[DATASET RECORDS — start]

(* Let $A$ be a finite set of integers with $|A|\ge 3$. Then $$|S_2(A)|=(|A|-1)\cdot 2-3\binom 22+1=2|A|-4$$ if and only if one of the following (i)–(v) holds. (i) $A=\{c,\pm d\}$ for some $c\in\mathbb Z$ and $d\in\mathbb Z^+$ with $|c|\neq d$. (ii) $A=\{\pm c,\pm d\}$ for some $c,d\in\mathbb Z^+$ with $c\neq d$. (iii) $A=\{\pm d\}\cup \{c\pm d\}$ for some $c\in\mathbb Z$ and $d\in\mathbb Z^+$ with $c\neq 0,\pm 2d$. (iv) $A=\{rd:\ s\le r\le t\}$ for some integers $d\neq0$, $s\le-1$ and $t\ge1$ with $t-s\ge4$. (v) $A=\{(2r-1)d:\ s\le r\le t\}$ for some integers $d\neq0$, $s\le0$ and $t\ge 1$ with $t-s\ge4$.
   Context: For a finite set $A\subseteq\mathbb Z$ and a positive integer $n$, define the restricted sumset $$S_n(A)=\{a_1+\cdots+a_n:\ a_1,\ldots,a_n\in A,\ \text{and}\ a_i^2\neq a_j^2\ \text{for}\ 1\le i<j\le n\}.$$ Notation: $\{\pm d\}=\{d,-d\}$, $\{c\pm d\}=\{c+d,c-d\}$, $\mathbb Z^+=\{1,2,3,\ldots\}$. *)

theory Defs
  imports Main
begin

definition restricted_sumset :: "nat \<Rightarrow> int set \<Rightarrow> int set" where
  "restricted_sumset n A =
     {(\<Sum>i\<in>{1..n}. a i) | a. (\<forall>i\<in>{1..n}. a i \<in> A) \<and>
        (\<forall>i\<in>{1..n}. \<forall>j\<in>{1..n}. i < j \<longrightarrow> (a i)^2 \<noteq> (a j)^2)}"

end

theory Submission
  imports Defs
begin

(* Since a^2 = b^2 only for b = a or b = -a, S_2(A) is the restricted sumset
   A \<hat>+ A = {a + b : a, b in A, a ~= b} (distinct_sumset A) with 0 removed.
   Adding a new maximum m to a set B creates at least the two new sums m + max B and
   m + max (B - {max B}), so |A \<hat>+ A| >= 2|A| - 3, and |S_2(A)| = 2|A| - 4 holds exactly
   when A contains a pair x, -x and |A \<hat>+ A| = 2|A| - 3.  Sets of size 3 and 4 with this
   property are found by inspection.  For |A| >= 5 the equality forces A to be an arithmetic
   progression, by induction from the five-element case: the maximum m of A added to all but
   the two largest elements of B = A - {m} must give old sums, which pins m to the next term of
   the progression B.  Finally, an arithmetic progression containing x and -x is symmetric
   about 0, so its terms are the multiples or the odd multiples of some d. *)

definition distinct_sumset :: "'a::plus set \<Rightarrow> 'a set" where
  "distinct_sumset A = {a + b | a b. a \<in> A \<and> b \<in> A \<and> a \<noteq> b}"

lemma distinct_sumsetI: "a \<in> A \<Longrightarrow> b \<in> A \<Longrightarrow> a \<noteq> b \<Longrightarrow> a + b \<in> distinct_sumset A"
  unfolding distinct_sumset_def by blast

lemma distinct_sumset_subsetI:
  "(\<And>a b. a \<in> A \<Longrightarrow> b \<in> A \<Longrightarrow> a \<noteq> b \<Longrightarrow> a + b \<in> S) \<Longrightarrow> distinct_sumset A \<subseteq> S"
  unfolding distinct_sumset_def by blast

lemma distinct_sumset_mono: "B \<subseteq> A \<Longrightarrow> distinct_sumset B \<subseteq> distinct_sumset A"
  unfolding distinct_sumset_def by blast

lemma finite_distinct_sumset: "finite A \<Longrightarrow> finite (distinct_sumset A)"
proof -
  have "distinct_sumset A \<subseteq> (\<lambda>(a, b). a + b) ` (A \<times> A)"
    unfolding distinct_sumset_def by auto
  then show "finite A \<Longrightarrow> ?thesis" by (auto intro: finite_subset)
qed

lemma zero_in_distinct_sumset_iff:
  fixes A :: "'a::linordered_ab_group_add set"
  shows "0 \<in> distinct_sumset A \<longleftrightarrow> (\<exists>x>0. x \<in> A \<and> - x \<in> A)"
proof
  assume "0 \<in> distinct_sumset A"
  then obtain a b where "a \<in> A" "b \<in> A" "a \<noteq> b" "a + b = 0"
    unfolding distinct_sumset_def by auto
  then have "b = - a" "a \<noteq> 0" by (auto simp: add_eq_0_iff)
  then have "a \<in> A \<and> - a \<in> A" "a > 0 \<or> - a > 0"
    using \<open>a \<in> A\<close> \<open>b \<in> A\<close> by auto
  then show "\<exists>x>0. x \<in> A \<and> - x \<in> A" by (metis minus_minus)
next
  assume "\<exists>x>0. x \<in> A \<and> - x \<in> A"
  then obtain x where "x > 0" "x \<in> A" "- x \<in> A" by blast
  then show "0 \<in> distinct_sumset A"
    using distinct_sumsetI[of x A "- x"] by auto
qed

[DATASET RECORDS — finish]

Count up the lines of the listing where "have" occurs, and answer with that number only.

3